Download or read book Career Diplomacy written by Harry Kopp and published by Georgetown University Press. This book was released on 2017-09-01 with total page 300 pages. Available in PDF, EPUB and Kindle. Book excerpt: Ronald Neumann, former US ambassador and president of the American Academy of Diplomacy, called the second edition of Career Diplomacy a "must-read for those seeking understanding of today's foreign service." In this third edition Kopp and Naland, both of whom had distinguished careers in the field, provide an authoritative and candid account of the foreign service, exploring the five career tracks--consular, political, economic, management, and public diplomacy--through their own experience and through interviews with over one hundred current and former foreign service officials.
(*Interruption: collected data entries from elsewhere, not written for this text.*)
lemma kato_class_loc_V_xi:
  fixes u :: "real^'n \<Rightarrow> real" and \<xi> :: "int^'n \<Rightarrow> 'w \<Rightarrow> real^'n"
  assumes u_kato: "kato_class (\<lambda>x. ennreal (u x))"
    and const_kato: "\<And>K. K \<ge> 0 \<Longrightarrow> kato_class (\<lambda>_::real^'n. ennreal K)"
    and \<alpha>: "\<alpha> > real CARD('n)" and C: "C > 0" and b: "b \<ge> 1"
    and decay: "\<And>x. norm x \<ge> b \<Longrightarrow> u x \<le> C * norm x powr (-\<alpha>)"
    and far: "finite {q. norm (lattice_pt q) / 2 < norm (\<xi> q \<omega>)}"
  shows "kato_class_loc (V_xi u \<xi> \<omega>)"
proof -
  have \<alpha>_pos: "\<alpha> > 0"
    using \<alpha> by (metis of_nat_0_less_iff order.strict_trans zero_less_card_finite)
  define a where "a q = lattice_pt q + \<xi> q \<omega>" for q
  have V: "V_xi u \<xi> \<omega> = (\<lambda>y. \<Sum>\<^sub>\<infinity>q. ennreal (u (y - a q)))"
    by (simp add: fun_eq_iff V_xi_def a_def diff_diff_eq)
  have V_measurable: "V_xi u \<xi> \<omega> \<in> borel_measurable lebesgue"
    using u_kato unfolding V
    by (intro borel_measurable_infsum_ennreal borel_measurable_lebesgue_translation)
       (simp add: kato_class_iff)
  define w where "w q = C * 8 powr \<alpha> * (1 + norm (lattice_pt q)) powr (-\<alpha>)" for q :: "int^'n"
  have w: "w summable_on UNIV" "\<And>q. w q \<ge> 0"
    using C summable_on_cmult_right[OF summable_on_lattice_powr[OF \<alpha>], of "C * 8 powr \<alpha>"]
    by (simp_all add: w_def[abs_def] mult.assoc)
  show ?thesis
    unfolding kato_class_loc_def
  proof (intro allI impI)
    fix R :: real
    define F where "F = {q. norm (lattice_pt q) / 2 < norm (\<xi> q \<omega>)} \<union> {q. norm (lattice_pt q) \<le> 4 * (R + b)}"
    have F: "finite F"
      using far finite_lattice_points_in_cball by (simp add: F_def)
    have bound: "indicator (ball 0 R) y * V_xi u \<xi> \<omega> y
        \<le> (\<Sum>q\<in>F. ennreal (u (y - a q))) + ennreal (\<Sum>\<^sub>\<infinity>q. w q)" for y
    proof (cases "y \<in> ball 0 R")
      case True
      have "ennreal (u (y - a q)) \<le> ennreal (w q)" if "q \<notin> F" for q
        using that True unfolding a_def w_def F_def
        by (intro ennreal_leI power_decay_at_displaced_site[OF b \<alpha>_pos C decay]) auto
      then show ?thesis
        using True by (simp add: V infsum_ennreal_le_finite_sum_add[OF F _ w])
    qed simp
    have "kato_class (\<lambda>y. (\<Sum>q\<in>F. ennreal (u (y - a q))) + ennreal (\<Sum>\<^sub>\<infinity>q. w q))"
      using w(2) by (intro kato_class_add kato_class_sum[OF F] kato_class_translation[OF u_kato]
          const_kato infsum_nonneg) auto
    moreover have "(\<lambda>y. indicator (ball 0 R) y * V_xi u \<xi> \<omega> y) \<in> borel_measurable lebesgue"
      using V_measurable by (intro borel_measurable_times_ennreal borel_measurable_indicator) auto
    ultimately show "kato_class (\<lambda>y. indicator (ball 0 R) y * V_xi u \<xi> \<omega> y)"
      using bound by (rule kato_class_mono)
  qed
qed

theorem lemma7p1:
  fixes u :: "real ^ 'n \<Rightarrow> real"
    and M :: "'w measure"
    and \<xi> :: "int ^ 'n \<Rightarrow> 'w \<Rightarrow> real ^ 'n"
    and C0 \<alpha> \<theta> :: real
  assumes u_nonneg: "\<And>x. u x \<ge> 0"
    and u_kato: "kato_class (\<lambda>x. ennreal (u x))"
    and \<alpha>: "\<alpha> > real CARD('n)"
    and C0: "C0 > 0"
    and u_asymp: "((\<lambda>x. u x / (C0 * norm x powr (- \<alpha>))) \<longlongrightarrow> 1) at_infinity"
    and \<theta>: "\<theta> > 0"
    and P: "prob_space M"
    and indep: "prob_space.indep_vars M (\<lambda>_. borel) \<xi> UNIV"
    and distr: "\<And>q. distributed M lborel (\<xi> q)
                  (\<lambda>x. ennreal (exp (- (norm x powr \<theta>)) / Znorm \<theta> TYPE('n)))"
  shows "AE \<omega> in M. kato_class_loc (V_xi u \<xi> \<omega>)"
proof -
  obtain b where b: "b \<ge> 1"
    and upper: "\<And>x. norm x \<ge> b \<Longrightarrow> u x \<le> 2 * C0 * norm x powr (-\<alpha>)"
    and lower: "\<And>x. norm x \<ge> b \<Longrightarrow> C0 / 2 * norm x powr (-\<alpha>) \<le> u x"
    using asymp_power_law_bounds[OF C0 u_asymp] by blast
  have "C0 / 2 > 0" "\<alpha> \<ge> 0"
    using C0 \<alpha> by simp_all
  then obtain x0 :: "real^'n" and c where c: "c > 0" "\<And>y. y \<in> cball x0 1 \<Longrightarrow> c \<le> u y"
    using power_law_lower_bound_on_unit_ball[OF b _ _ lower] by blast
  have const_kato: "kato_class (\<lambda>_::real^'n. ennreal K)" if "K \<ge> 0" for K
    using c by (intro kato_class_const[of _ c x0, OF u_kato c(1) _ that]) (simp add: ennreal_leI)
  have "AE \<omega> in M. finite {q. norm (lattice_pt q) / 2 < norm (\<xi> q \<omega>)}"
    by (rule AE_finitely_many_far_displacements[OF P \<theta> \<alpha> distr])
  then show ?thesis
  proof (rule eventually_mono)
    fix \<omega>
    assume far: "finite {q. norm (lattice_pt q) / 2 < norm (\<xi> q \<omega>)}"
    have "2 * C0 > 0"
      using C0 by simp
    then show "kato_class_loc (V_xi u \<xi> \<omega>)"
      using kato_class_loc_V_xi[where \<xi>=\<xi> and \<omega>=\<omega>, OF u_kato const_kato \<alpha> _ b upper far] by blast
  qed
qed

end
The book includes significant revisions and updates from the previous edition, such as: Obama administration's use of the foreign service; a thorough discussion of the relationship of the foreign service and the Department of State to other agencies, and to the combatant commands; an expanded analysis of hiring procedures; commentary on challenging management issues in the Department of State, including the proliferation of political appointments, the rapid growth in the number of high-level positions, and the difficulties of running an agency with employees in two personnel systems (civil service and foreign service); and a fresh examination of the changing nature and demographics of the foreign service. Includes a glossary, bibliography, and list of websites and blogs on the subject.